The reader first meets Elizabeth “Bunny” Glenn in Baku, Azerbaijan in the summer of 1998 where her father has recently been stationed as a member of the US Foreign Service. The girl’s mother has returned to Texas to look after her ailing mother, taking the youngest child, “Small Ted”, with her. Fifteen-year-old Bunny remains in Baku with John, her older brother, and their dad.

At no point did I find Bunny likeable or sympathetic. However, the greater problem for me was that she isn’t even interesting. We’re led to believe that either puberty or too much time away from family—among her peer group at an elite New England private school—transformed the once bright, curious, and motivated child into a self-absorbed, boy-crazy adolescent. While her motivated brother joins a running club in Baku, Bunny wanders the streets, pores over fashion magazines, experiments with cosmetics, and surreptitiously smokes. Her mother had been understandably reluctant to leave her unsupervised.

Kiesling follows her protagonist from her teenaged years through to age 68 (the year 2051) when Bunny’s daughter Pamela is about to give birth. The novel provides the reader with a snapshot of the oil industry, its corrupt practices and dark partnership with the US government, the narratives (propaganda) it generates about itself, and the ways in which it has had to pivot and rebrand itself in response to the times. Feminism, climate change (particularly the apocalyptic flooding of recent years), geopolitics, and events of international significance (including Covid) are also explored.
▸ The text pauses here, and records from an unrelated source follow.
lemma inj_on_blocks: "inj_on (\<lambda>A. (block_set n X A, block_set n Y A, block_set n T A)) (Pow (Vars n))"
proof (rule inj_onI)
  fix A B
  assume "A \<in> Pow (Vars n)" "B \<in> Pow (Vars n)"
    and "(block_set n X A, block_set n Y A, block_set n T A) = (block_set n X B, block_set n Y B, block_set n T B)"
  then show "A = B"
    using subset_Vars_eq_blocks[of A n] subset_Vars_eq_blocks[of B n] by simp
qed

lemma card_zeros_generators_less:
  assumes "\<Q> \<subseteq> Pow {1..n}" "\<F> \<subseteq> Pow {1..n}"
    and "Q1 \<in> \<Q>" "Q2 \<in> \<Q>" "F \<in> \<F>" "Q1 \<inter> Q2 \<subseteq> F"
  shows "card (zeros n (generators n \<Q> \<F>)) < card \<Q> ^ 2 * card (downclosure \<F>)"
proof -
  let ?blocks = "\<lambda>A. (block_set n X A, block_set n Y A, block_set n T A)"
  let ?Z = "zeros n (generators n \<Q> \<F>)"
  let ?P = "\<Q> \<times> \<Q> \<times> downclosure \<F>"
  have "finite \<Q>" "finite \<F>"
    using assms(1,2) finite_subset by blast+
  moreover have "downclosure \<F> \<subseteq> Pow {1..n}"
    using assms(2) by (auto simp: downclosure_def)
  ultimately have "finite ?P"
    using finite_subset by blast
  have "inj_on ?blocks ?Z"
    using inj_on_blocks by (rule inj_on_subset) (auto simp: zeros_def)
  moreover have "?blocks ` ?Z \<subseteq> ?P - {(Q1, Q2, F)}"
    using zeros_generators[OF assms(1) \<open>finite \<F>\<close>] assms(6) by auto
  moreover have "finite (?P - {(Q1, Q2, F)})"
    using \<open>finite ?P\<close> by simp
  ultimately have "card ?Z \<le> card (?P - {(Q1, Q2, F)})"
    by (rule card_inj_on_le)
  also have "\<dots> < card ?P"
    using \<open>finite ?P\<close> assms(3-5) by (intro card_Diff1_less) (auto simp: downclosure_def)
  also have "\<dots> = card \<Q> ^ 2 * card (downclosure \<F>)"
    by (simp add: card_cartesian_product power2_eq_square)
  finally show ?thesis .
qed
Kiesling’s writing is generally strong and her reach is ambitious. I was interested enough to complete the book, but I did not love it. I’ve already mentioned the problem of Bunny—a dull, superficial, and essentially amoral character, who seems to be adrift for much of the novel. As I said, she didn’t engage me, and I think it was audacious of Kiesling to place this character and her banal existence at the centre of the book. But there are other problems, too. I understand the importance of setting the scene, bringing rather exotic Azerbaijan to life and impressing upon the reader just how much a place changes when major corporations discover its rich resources, but too much detail about Baku’s unusual architecture has been included here. I wish an editor had reined Kiesling in. While Mobility is a stimulating read, its 368-page page count would have benefited from being trimmed by at least a quarter.

Thank you to the publisher and Net Galley for providing me with an advanced reader copy.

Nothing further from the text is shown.